All those who have seen the “Dinosaur” films, you might understand what it looks to have dinosaur amidst human population. It seems pretty imaginative.

Let’s imagine London City without any roads and buildings. If we go back further to a different landscape, then you may feel the period London’s prehistoric animals stomped, slithered, and roamed.

Sea is Wonderful!

The London city was under water some thousands and thousands of years ago.

It may sound like a far fetched idea, but remains from those time actually exist. They exist deep down in the rocks.

Experts say the Portland stone used in the construction of the Customs House still carries a water pattern made by the running waters of the massive sea.

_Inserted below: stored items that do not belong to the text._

(* Let $d\ge3$ and let $V:\mathbb{C}^{d^2-1}\to\mathbb{C}^d\otimes\mathbb{C}^d$ be any isometry whose range is orthogonal to $\ket{\phi_d^+}=\frac1{\sqrt d}\sum_{k=0}^{d-1}\ket{k}\otimes\ket{k}$ (equivalently, the range is the orthogonal complement of $\ket{\phi^+_d}$). Let $\mathcal{N}^V_{d^2-1}:\mathcal{L}(\mathbb{C}^{d^2-1})\to\mathcal{L}(\mathbb{C}^d)$ be $\mathcal{N}^V_{d^2-1}(\rho)=\operatorname{Tr}_E(V\rho V^\dagger)$ (trace over the second factor). Then $M_{k_d}\in\mathcal{P}^{(d^2-1)\to(d^2-1)}_{\min}(\mathcal{N}^V_{d^2-1},V)$, and consequently $\mathcal{P}^{(d^2-1)\to(d^2-1)}_{\min}(\mathcal{N}^V_{d^2-1},V)\not\subseteq\mathcal{P}^{(d^2-1)\to(d^2-1)}(\mathcal{Q}_{\tilde d})$ for every $\tilde d<d^2-1$; i.e. minimal environment assistance optimally unlocks the encoding strength of $\mathcal{N}^V_{d^2-1}$.
   Context: $M_{k_d}=M_\Sigma\oplus\mathbb{I}_{d(d-1)}$, where $M_\Sigma$ is the $(d-1)\times(d-1)$ lower-triangular matrix with $(M_\Sigma)_{ij}=0$ for $j>i$, $(M_\Sigma)_{i1}=\frac2{i(i+1)}$, $(M_\Sigma)_{ij}=\frac1{i(i+1)}$ for $1<j<i$, and $(M_\Sigma)_{ii}=\frac{i}{i+1}$ for $i>1$. $\mathcal{P}^{n\to m}(\mathcal{Q}_d)$ is the set of $n\times m$ matrices $P_{ij}=\operatorname{Tr}[\Lambda_j\rho_i]$ with $\rho_i$ density matrices on $\mathbb{C}^d$ and $\{\Lambda_j\}$ a POVM on $\mathbb{C}^d$. For a channel $\mathcal{N}$ with isometry $V:\mathbb{C}^{d_A}\to\mathbb{C}^{d_B}\otimes\mathbb{C}^{d_E}$ (first factor receiver, second environment), $\mathcal{P}^{n\to m}_{\min}(\mathcal{N},V)$ is the set of $n\times m$ matrices $P_{ij}=\sum_{l,k}q(j\mid l,k)\operatorname{Tr}[(\Lambda^B_l\otimes\Lambda^E_k)V\rho_iV^\dagger]$, where $\rho_i$ are density matrices on $\mathbb{C}^{d_A}$, $\{\Lambda^B_l\}$, $\{\Lambda^E_k\}$ are finite-outcome POVMs on $\mathbb{C}^{d_B}$, $\mathbb{C}^{d_E}$ chosen independently, and $q(\cdot\mid l,k)$ is a probability distribution on $\{1,\dots,m\}$. *)

theory Defs
  imports "Jordan_Normal_Form.Schur_Decomposition"
begin

(* Conventions: C^d_B (x) C^d_E is identified with C^(d_B*d_E) via |a> (x) |b>  |->  e_(a*d_E+b);
   the first tensor factor is the receiver B, the second the environment E. *)

definition cinner :: "complex vec \<Rightarrow> complex vec \<Rightarrow> complex" where
  "cinner v w = (\<Sum>i<dim_vec v. cnj (v $ i) * w $ i)"

definition mtrace :: "complex mat \<Rightarrow> complex" where
  "mtrace A = (\<Sum>i<dim_row A. A $$ (i, i))"

definition psd :: "nat \<Rightarrow> complex mat \<Rightarrow> bool" where
  "psd n A \<longleftrightarrow> A \<in> carrier_mat n n \<and> mat_adjoint A = A \<and>
     (\<forall>v \<in> carrier_vec n. 0 \<le> Re (cinner v (A *\<^sub>v v)))"

definition density :: "nat \<Rightarrow> complex mat \<Rightarrow> bool" where
  "density n \<rho> \<longleftrightarrow> psd n \<rho> \<and> mtrace \<rho> = 1"

definition povm :: "nat \<Rightarrow> (nat \<Rightarrow> complex mat) \<Rightarrow> nat \<Rightarrow> bool" where
  "povm n \<Lambda> m \<longleftrightarrow> (\<forall>j<m. psd n (\<Lambda> j)) \<and>
     (\<forall>a<n. \<forall>b<n. (\<Sum>j<m. \<Lambda> j $$ (a, b)) = (if a = b then 1 else 0))"

definition tensor_mat :: "complex mat \<Rightarrow> complex mat \<Rightarrow> complex mat" where
  "tensor_mat A B = mat (dim_row A * dim_row B) (dim_col A * dim_col B)
     (\<lambda>(i, j). A $$ (i div dim_row B, j div dim_col B) * B $$ (i mod dim_row B, j mod dim_col B))"

definition phi_plus :: "nat \<Rightarrow> complex vec" where
  "phi_plus d = vec (d * d) (\<lambda>i. if i div d = i mod d then complex_of_real (1 / sqrt (real d)) else 0)"

definition isometry :: "nat \<Rightarrow> nat \<Rightarrow> complex mat \<Rightarrow> bool" where
  "isometry dA dOut V \<longleftrightarrow> V \<in> carrier_mat dOut dA \<and> mat_adjoint V * V = 1\<^sub>m dA"

definition channel_of_isometry :: "complex mat \<Rightarrow> nat \<Rightarrow> nat \<Rightarrow> complex mat \<Rightarrow> complex mat" where
  "channel_of_isometry V dB dE \<rho> =
     (let X = V * \<rho> * mat_adjoint V in mat dB dB (\<lambda>(a, b). \<Sum>e<dE. X $$ (a * dE + e, b * dE + e)))"

definition P_Q :: "nat \<Rightarrow> nat \<Rightarrow> nat \<Rightarrow> real mat set" where
  "P_Q d n m = {P. P \<in> carrier_mat n m \<and>
     (\<exists>\<rho> \<Lambda>. (\<forall>i<n. density d (\<rho> i)) \<and> povm d \<Lambda> m \<and>
        (\<forall>i<n. \<forall>j<m. complex_of_real (P $$ (i, j)) = mtrace (\<Lambda> j * \<rho> i)))}"

text \<open>P^{n->m}_min(N, V) for N = channel_of_isometry V dB dE (the set depends on N only via V);
  input dimension dA = dim_col V.\<close>
definition P_min :: "complex mat \<Rightarrow> nat \<Rightarrow> nat \<Rightarrow> nat \<Rightarrow> nat \<Rightarrow> real mat set" where
  "P_min V dB dE n m = {P. P \<in> carrier_mat n m \<and>
     (\<exists>\<rho> L \<Lambda>B K \<Lambda>E q. (\<forall>i<n. density (dim_col V) (\<rho> i)) \<and> povm dB \<Lambda>B L \<and> povm dE \<Lambda>E K \<and>
        (\<forall>l<L. \<forall>k<K. (\<forall>j<m. 0 \<le> q j l k) \<and> (\<Sum>j<m. q j l k) = (1::real)) \<and>
        (\<forall>i<n. \<forall>j<m. complex_of_real (P $$ (i, j)) =
           (\<Sum>l<L. \<Sum>k<K. complex_of_real (q j l k) *
              mtrace (tensor_mat (\<Lambda>B l) (\<Lambda>E k) * V * \<rho> i * mat_adjoint V))))}"

text \<open>M_{k_d} = M_Sigma (+) I_{d(d-1)}, 0-based indices (row i, column j correspond to i+1, j+1).\<close>
definition M_Sigma_entry :: "nat \<Rightarrow> nat \<Rightarrow> real" where
  "M_Sigma_entry I J =
     (if J > I then 0
      else if J = 1 then 2 / (real I * (real I + 1))
      else if J = I then real I / (real I + 1)
      else 1 / (real I * (real I + 1)))"

definition M_kd :: "nat \<Rightarrow> real mat" where
  "M_kd d = mat (d\<^sup>2 - 1) (d\<^sup>2 - 1) (\<lambda>(i, j).
     if i < d - 1 \<and> j < d - 1 then M_Sigma_entry (i + 1) (j + 1)
     else if d - 1 \<le> i \<and> d - 1 \<le> j then (if i = j then 1 else 0)
     else 0)"

end

theory Submission
  imports Defs
begin

text \<open>
  M_kd is lower triangular with nonzero diagonal. If it is realized as
  tr(\<Lambda> j * \<rho> i) with states and effects on a space of dimension d', then the support of each
  \<rho> i contains a vector v i with \<langle>v i, \<Lambda> i (v i)\<rangle> \<noteq> 0 that is annihilated by every \<Lambda> j with
  j > i. The matrix \<langle>v j, \<Lambda> j (v i)\<rangle> is then triangular and invertible, yet it factors through
  a space of dimension d', so d^2 - 1 \<le> d'.

  The range of V is the orthogonal complement of phi_plus, so every unit vector
  \<psi> orthogonal to phi_plus equals V times V\<dagger> \<psi>, and the input state built from V\<dagger> \<psi> is
  mapped by the isometry to the pure state of \<psi>. Measuring receiver and environment in the
  computational basis then yields the outcome (l, k) with probability \<psi>(l, k)^2. The d - 1
  normalized diagonal Gell-Mann vectors and the d(d - 1) product vectors |l k\<rangle> with l \<noteq> k are
  all orthogonal to phi_plus; after merging the outcomes (0, 0) and (1, 1) their statistics are
  exactly the rows of M_kd.
\<close>

section \<open>Positive semidefinite matrices\<close>

lemma mat_mult_entry:
  assumes "A \<in> carrier_mat l m" "B \<in> carrier_mat m k" "i < l" "j < k"
  shows "(A * B) $$ (i, j) = (\<Sum>x<m. A $$ (i, x) * B $$ (x, j))"
  using assms by (auto simp: scalar_prod_def lessThan_atLeast0)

Interestingly, you can still find seaweed in the place where Waterloo Station now stands. Researchers found skeletons of sharks in the soil on which the great London City now stands.

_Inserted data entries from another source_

(* For arbitrarily large integers $n$ there exist (families of) feasible $n$-node graphs with election index $1$ such that leader election in time $1$ in these graphs requires advice of size $\Omega(n\log\log n)$. Precisely: there is a constant $c>0$ such that for infinitely many integers $n$ there is a finite family $\mathcal{F}_n$ of feasible $n$-node graphs, each with election index $1$, such that for every deterministic leader election algorithm with advice that performs leader election in time $1$ in every graph of $\mathcal{F}_n$, some graph of $\mathcal{F}_n$ receives advice of length at least $c\, n\log\log n$.
   Context: A graph is a simple undirected connected finite graph whose nodes have no identifiers; at each node $v$ of degree $d$ the incident edges carry distinct port numbers $0,\dots,d-1$ (local to each node). The truncated view $\mathcal{V}^0(v)$ is a single node; $\mathcal{V}^{l+1}(v)$ is the port-labelled rooted tree whose root has, for every neighbour $v_i$ of $v$, a child $x_i$ joined by an edge carrying the same two port numbers as $\{v,v_i\}$ (the one at $v$ at the root side), and $x_i$ is the root of a copy of $\mathcal{V}^l(v_i)$. The augmented truncated view $\mathcal{B}^l(v)$ is $\mathcal{V}^l(v)$ with each leaf labelled by the degree in $G$ of the node it represents. A graph is feasible if for some $l$ the views $\mathcal{B}^l(v)$ of all nodes are pairwise distinct; its election index is the smallest such $l$. Model (LOCAL): synchronous rounds, all nodes start simultaneously, in each round every node exchanges arbitrary messages with all neighbours and computes arbitrarily. Leader election: every node $v$ outputs a sequence $(p_1,q_1,\dots,p_k,q_k)$ of nonnegative integers describing a simple path starting at $v$ whose $i$-th edge has port $p_i$ at its endpoint closer to $v$ and $q_i$ at the other endpoint; all these paths must end at a common node. Time is the number of rounds until all nodes output. Advice: an oracle knowing the entire port-labelled graph gives the same binary string to all nodes before the start; its length is the size of advice. In a deterministic algorithm with advice, the actions/output of node $v$ in round $r$ are a function of the advice and of $\mathcal{B}^r(v)$. Logarithms are base 2. *)

theory Defs
  imports Complex_Main
begin

text \<open>At node v the incident
edges carry the ports 0..<deg G v, and nbr G v p is the neighbour reached
through port p at v. Nodes have no identifiers: node numbers are only used
for the representation; the algorithm only sees views.\<close>

record pgraph =
  nv  :: nat
  deg :: "nat \<Rightarrow> nat"
  nbr :: "nat \<Rightarrow> nat \<Rightarrow> nat"

definition verts :: "pgraph \<Rightarrow> nat set" where
  "verts G = {..<nv G}"

definition edge_rel :: "pgraph \<Rightarrow> (nat \<times> nat) set" where
  "edge_rel G = {(u, w). u < nv G \<and> (\<exists>p < deg G u. nbr G u p = w)}"

definition wf_pgraph :: "pgraph \<Rightarrow> bool" where
  "wf_pgraph G \<longleftrightarrow>
     nv G \<ge> 1 \<and>
     (\<forall>v < nv G. \<forall>p < deg G v. nbr G v p < nv G \<and> nbr G v p \<noteq> v) \<and>
     (\<forall>v < nv G. inj_on (nbr G v) {..<deg G v}) \<and>
     (\<forall>v < nv G. \<forall>p < deg G v. \<exists>q < deg G (nbr G v p). nbr G (nbr G v p) q = v) \<and>
     (\<forall>u < nv G. \<forall>v < nv G. (u, v) \<in> (edge_rel G)\<^sup>*)"

definition rport :: "pgraph \<Rightarrow> nat \<Rightarrow> nat \<Rightarrow> nat" where
  "rport G v p = (THE q. q < deg G (nbr G v p) \<and> nbr G (nbr G v p) q = v)"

When the continents started to shape and the water receded, the place we now call London could have been home to some of the most gigantic prehistoric beasts.

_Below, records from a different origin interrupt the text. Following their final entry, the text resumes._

text \<open>Identify the vertices of \<open>K\<^sub>1 \<sqcup>\<^sub>\<phi> K\<^sub>2\<close> coming from \<open>K\<^sub>1\<close> with \<open>K\<^sub>1\<close> via the injective map
  \<open>g = glue_map L\<^sub>1 \<phi> \<circ> Inl\<close>. A set of pairwise adjacent vertices either consists of vertices of
  \<open>K\<^sub>2\<close> only, and is then a clique of \<open>K\<^sub>2\<close>, or contains a vertex of \<open>K\<^sub>1\<close> outside \<open>L\<^sub>1\<close>; since no
  simplex of \<open>K\<^sub>2\<close> contains such a vertex, all its neighbours lie in \<open>g(K\<^sub>1)\<close>, and the clique is
  the \<open>g\<close>-image of a clique of \<open>K\<^sub>1\<close>. The latter holds because an edge of the gluing between
  \<open>g x\<close> and \<open>g y\<close> is an edge of \<open>K\<^sub>1\<close>: either it comes from \<open>K\<^sub>1\<close> directly, or it is an edge of \<open>K\<^sub>2\<close>
  between vertices of \<open>\<phi>(L\<^sub>1)\<close>, hence (by fullness of the 1-skeleton) of \<open>\<phi>(L\<^sub>1)\<close>, hence of \<open>L\<^sub>1\<close>.\<close>

lemma simplicial_complexD:
  assumes "simplicial_complex K" and "\<sigma> \<in> K"
  shows "finite \<sigma>" and "\<sigma> \<noteq> {}"
    and "\<tau> \<subseteq> \<sigma> \<Longrightarrow> \<tau> \<noteq> {} \<Longrightarrow> \<tau> \<in> K"
  using assms unfolding simplicial_complex_def by blast+

definition clique :: "'a set set \<Rightarrow> 'a set \<Rightarrow> bool" where
  "clique K S \<longleftrightarrow> finite S \<and> S \<noteq> {} \<and> S \<subseteq> vertices K \<and> (\<forall>u\<in>S. \<forall>v\<in>S. u \<noteq> v \<longrightarrow> {u, v} \<in> K)"

lemma flag_complex_iff_clique:
  "flag_complex K \<longleftrightarrow> simplicial_complex K \<and> (\<forall>S. clique K S \<longrightarrow> S \<in> K)"
  unfolding flag_complex_def clique_def by (rule refl)

lemma flag_complexD:
  "flag_complex K \<Longrightarrow> clique K S \<Longrightarrow> S \<in> K"
  "flag_complex K \<Longrightarrow> simplicial_complex K"
  unfolding flag_complex_iff_clique by blast+

lemma full_subcomplexD:
  assumes "full_subcomplex L K"
  shows "simplicial_complex L" and "L \<subseteq> K"
    and "\<sigma> \<in> K \<Longrightarrow> \<sigma> \<subseteq> vertices L \<Longrightarrow> \<sigma> \<in> L"
  using assms unfolding full_subcomplex_def subcomplex_def by blast+

lemma singleton_in_complex:
  assumes "simplicial_complex K" and "v \<in> vertices K"
  shows "{v} \<in> K"
  using assms simplicial_complexD(3)[OF assms(1)] by (auto simp: vertices_def)

lemma vertices_skeleton1:
  assumes "simplicial_complex K"
  shows "vertices (skeleton1 K) = vertices K"
proof
  show "vertices K \<subseteq> vertices (skeleton1 K)"
  proof
    fix v assume "v \<in> vertices K"
    then have "{v} \<in> skeleton1 K"
      using singleton_in_complex[OF assms] by (simp add: skeleton1_def)
    then show "v \<in> vertices (skeleton1 K)" by (auto simp: vertices_def)
  qed
qed (auto simp: vertices_def skeleton1_def)

lemma simplicial_complex_skeleton1:
  assumes "simplicial_complex K"
  shows "simplicial_complex (skeleton1 K)"
proof -
  have "card \<tau> \<le> 2" if "\<sigma> \<in> K" "card \<sigma> \<le> 2" "\<tau> \<subseteq> \<sigma>" for \<sigma> \<tau>
    using card_mono[OF simplicial_complexD(1)[OF assms that(1)] that(3)] that(2) by linarith
  then show ?thesis
    using simplicial_complexD[OF assms] unfolding simplicial_complex_def skeleton1_def by blast
qed

lemma full_subcomplex_skeleton1:
  assumes "full_subcomplex M K"
  shows "full_subcomplex (skeleton1 M) (skeleton1 K)"
  unfolding full_subcomplex_def subcomplex_def
proof (intro conjI ballI impI)
  note M = full_subcomplexD[OF assms]
  show "simplicial_complex (skeleton1 M)" by (rule simplicial_complex_skeleton1[OF M(1)])
  show "skeleton1 M \<subseteq> skeleton1 K" using M(2) by (auto simp: skeleton1_def)
  fix \<sigma> assume "\<sigma> \<in> skeleton1 K" "\<sigma> \<subseteq> vertices (skeleton1 M)"
  then show "\<sigma> \<in> skeleton1 M"
    using M(3) vertices_skeleton1[OF M(1)] by (simp add: skeleton1_def)
qed

lemma edge_in_full_skeleton1:
  assumes "simplicial_complex M" and "full_subcomplex (skeleton1 M) (skeleton1 K)"
    and "b \<in> vertices M" and "b' \<in> vertices M" and "{b, b'} \<in> K"
  shows "{b, b'} \<in> M"
proof -
  have "card {b, b'} \<le> 2" by (simp add: card_insert_if)
  then have "{b, b'} \<in> skeleton1 K" using assms(5) by (simp add: skeleton1_def)
  moreover have "{b, b'} \<subseteq> vertices (skeleton1 M)"
    using assms(3,4) vertices_skeleton1[OF assms(1)] by simp
  ultimately have "{b, b'} \<in> skeleton1 M" by (rule full_subcomplexD(3)[OF assms(2)])
  then show ?thesis by (simp add: skeleton1_def)
qed

lemma vertices_cimage: "vertices (cimage \<phi> L) = \<phi> ` vertices L"
  by (auto simp: vertices_def cimage_def)

lemma simplicial_complex_cimage:
  assumes "simplicial_complex L"
  shows "simplicial_complex (cimage \<phi> L)"
  unfolding simplicial_complex_def
proof (intro conjI ballI allI impI)
  fix X assume "X \<in> cimage \<phi> L"
  then obtain \<sigma> where \<sigma>: "\<sigma> \<in> L" "X = \<phi> ` \<sigma>" by (auto simp: cimage_def)
  then show "finite X" "X \<noteq> {}" using simplicial_complexD(1,2)[OF assms \<sigma>(1)] by simp_all
  fix \<tau> assume \<tau>: "\<tau> \<subseteq> X \<and> \<tau> \<noteq> {}"
  have "{x \<in> \<sigma>. \<phi> x \<in> \<tau>} \<in> L"
    using \<tau> \<sigma> by (intro simplicial_complexD(3)[OF assms \<sigma>(1)]) auto
  moreover have "\<tau> = \<phi> ` {x \<in> \<sigma>. \<phi> x \<in> \<tau>}" using \<tau> \<sigma>(2) by auto
  ultimately show "\<tau> \<in> cimage \<phi> L" unfolding cimage_def by (rule rev_image_eqI)
qed

lemma glue_iff:
  "X \<in> glue K1 L1 \<phi> K2 \<longleftrightarrow>
     (\<exists>\<rho>\<in>K1. X = (\<lambda>x. glue_map L1 \<phi> (Inl x)) ` \<rho>) \<or> (\<exists>\<tau>\<in>K2. X = Inr ` \<tau>)"
  by (auto simp: glue_def image_image)

lemma glue_map_Inl:
  "glue_map L1 \<phi> (Inl x) = (if x \<in> vertices L1 then Inr (\<phi> x) else Inl x)"
  by (simp add: glue_map_def)

lemma inj_glue_map_Inl:
  assumes "inj_on \<phi> (vertices L1)"
  shows "inj (\<lambda>x. glue_map L1 \<phi> (Inl x))"
  using assms by (auto simp: inj_def inj_on_def glue_map_Inl)

lemma simplicial_complex_glue:
  assumes "simplicial_complex K1" and "simplicial_complex K2"
  shows "simplicial_complex (glue K1 L1 \<phi> K2)"
proof -
  have image_face: "\<exists>\<rho>'\<in>K. \<tau> = h ` \<rho>'"
    if "simplicial_complex K" "\<rho> \<in> K" "\<tau> \<subseteq> h ` \<rho>" "\<tau> \<noteq> {}" for K h \<rho> \<tau>
  proof
    show "{x \<in> \<rho>. h x \<in> \<tau>} \<in> K" using that by (intro simplicial_complexD(3)[OF that(1,2)]) auto
    show "\<tau> = h ` {x \<in> \<rho>. h x \<in> \<tau>}" using that(3) by auto
  qed
  show ?thesis
    unfolding simplicial_complex_def
  proof (intro conjI ballI allI impI)
    fix X assume "X \<in> glue K1 L1 \<phi> K2"
    then consider \<rho> where "\<rho> \<in> K1" "X = (\<lambda>x. glue_map L1 \<phi> (Inl x)) ` \<rho>"
      | \<rho> where "\<rho> \<in> K2" "X = Inr ` \<rho>"
      unfolding glue_iff by blast
    note cases = this
    show "finite X"
      by (rule cases) (simp_all add: simplicial_complexD(1)[OF assms(1)] simplicial_complexD(1)[OF assms(2)])
    show "X \<noteq> {}"
      by (rule cases) (simp_all add: simplicial_complexD(2)[OF assms(1)] simplicial_complexD(2)[OF assms(2)])
  next
    fix X \<tau> assume X: "X \<in> glue K1 L1 \<phi> K2" and \<tau>: "\<tau> \<subseteq> X \<and> \<tau> \<noteq> {}"
    from X consider \<rho> where "\<rho> \<in> K1" "X = (\<lambda>x. glue_map L1 \<phi> (Inl x)) ` \<rho>"
      | \<rho> where "\<rho> \<in> K2" "X = Inr ` \<rho>"
      unfolding glue_iff by blast
    then show "\<tau> \<in> glue K1 L1 \<phi> K2"
    proof cases
      case 1
      then show ?thesis
        using \<tau> image_face[OF assms(1) 1(1), of \<tau> "\<lambda>x. glue_map L1 \<phi> (Inl x)"]
        unfolding glue_iff by blast
    next
      case 2
      then show ?thesis
        using \<tau> image_face[OF assms(2) 2(1), of \<tau> Inr] unfolding glue_iff by blast
    qed
  qed
qed

lemma Inl_in_vertices_glue:
  assumes "Inl a \<in> vertices (glue K1 L1 \<phi> K2)"
  shows "a \<in> vertices K1 \<and> a \<notin> vertices L1"
proof -
  obtain \<rho> x where "\<rho> \<in> K1" "x \<in> \<rho>" "glue_map L1 \<phi> (Inl x) = Inl a"
    using assms by (auto simp: vertices_def glue_iff)
  moreover from this(3) have "x = a" "a \<notin> vertices L1"
    by (auto simp: glue_map_Inl split: if_splits)
  ultimately show ?thesis by (auto simp: vertices_def)
qed

lemma Inr_in_vertices_glue:
  assumes "simplicial_embedding \<phi> L1 K2" and "Inr b \<in> vertices (glue K1 L1 \<phi> K2)"
  shows "b \<in> vertices K2"
proof -
  obtain X where X: "X \<in> glue K1 L1 \<phi> K2" "Inr b \<in> X" using assms(2) by (auto simp: vertices_def)
  then consider \<rho> x where "\<rho> \<in> K1" "x \<in> \<rho>" "glue_map L1 \<phi> (Inl x) = Inr b"
    | \<tau> where "\<tau> \<in> K2" "b \<in> \<tau>"
    unfolding glue_iff by (elim disjE bexE) auto
  then show ?thesis
  proof cases
    case 1
    then have "x \<in> vertices L1" "b = \<phi> x" by (auto simp: glue_map_Inl split: if_splits)
    then obtain \<sigma> where "\<sigma> \<in> L1" "x \<in> \<sigma>" "b \<in> \<phi> ` \<sigma>" by (auto simp: vertices_def)
    moreover have "\<phi> ` \<sigma> \<in> K2" using assms(1) \<open>\<sigma> \<in> L1\<close> by (simp add: simplicial_embedding_def)
    ultimately show ?thesis by (auto simp: vertices_def)
  qed (auto simp: vertices_def)
qed

lemma glue_edge_InrD:
  assumes "simplicial_embedding \<phi> L1 K2" and "full_subcomplex L1 K1"
    and "{Inr b, Inr b'} \<in> glue K1 L1 \<phi> K2"
  shows "{b, b'} \<in> K2"
  using assms(3) unfolding glue_iff
proof (elim disjE bexE)
  fix \<rho> assume 1: "\<rho> \<in> K1" "{Inr b, Inr b'} = (\<lambda>x. glue_map L1 \<phi> (Inl x)) ` \<rho>"
  have "\<rho> \<subseteq> vertices L1"
  proof
    fix x assume "x \<in> \<rho>"
    then have "glue_map L1 \<phi> (Inl x) \<in> {Inr b, Inr b'}" using 1(2) by blast
    then show "x \<in> vertices L1" by (auto simp: glue_map_Inl split: if_splits)
  qed
  then have "(\<lambda>x. glue_map L1 \<phi> (Inl x)) ` \<rho> = Inr ` \<phi> ` \<rho>"
    by (force simp: glue_map_Inl)
  with 1(2) have "{b, b'} = \<phi> ` \<rho>"
    by (metis image_empty image_insert inj_Inr inj_image_eq_iff)
  moreover have "\<rho> \<in> L1"
    using full_subcomplexD(3)[OF assms(2) 1(1) \<open>\<rho> \<subseteq> vertices L1\<close>] .
  ultimately show ?thesis using assms(1) by (simp add: simplicial_embedding_def)
next
  fix \<tau> assume "\<tau> \<in> K2" "{Inr b, Inr b'} = (Inr :: 'b \<Rightarrow> 'a + 'b) ` \<tau>"
  then show ?thesis by (metis image_empty image_insert inj_Inr inj_image_eq_iff)
qed

lemma glue_edge_Inl_InrD:
  assumes "{Inl a, Inr b} \<in> glue K1 L1 \<phi> K2"
  shows "\<exists>v\<in>vertices L1. b = \<phi> v"
  using assms by (auto simp: glue_iff glue_map_Inl split: if_splits)

context
  fixes K1 L1 :: "'a set set" and K2 :: "'b set set" and \<phi> :: "'a \<Rightarrow> 'b"
  assumes flag1: "flag_complex K1" and flag2: "flag_complex K2"
    and full1: "full_subcomplex L1 K1"
    and embedding: "simplicial_embedding \<phi> L1 K2"
    and full_edges: "full_subcomplex (skeleton1 (cimage \<phi> L1)) (skeleton1 K2)"
begin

It might have been very simple for these animals to travel across from Europe. How? The UK was linked to the continent by a massive land bridge until some 10,000 years ago.

Why No Dinosaurs? Extinct Animals Of Ancient London

The beauty is that, as per reports, no important dinosaur finds have taken place in London. It’s baffling because more than 50 species of these massive animals would have roamed these islands.

Yeah, maybe, the nature of this place would have prevented the experts from finding anything significant.

We can honestly rest assured that the giant Megalosaurus and the Ornithopod would have rested in the place we now call London.

Some 2,00,000 years ago, massive mammoths would have drunk water mainly from the Thames itself.

Mammoths in London? 

In 1834, a government servant started one of the longest excavation in the history of Britain. He went on to find skeletal remains of around 200 elephants.

Sometime later fossils of 100 mammoths were discovered in the area.

It becomes clear that the London City will always continue to motivate and enthrall us, and the fascinating prehistoric animals once hunted and grazed where we people now play and rest.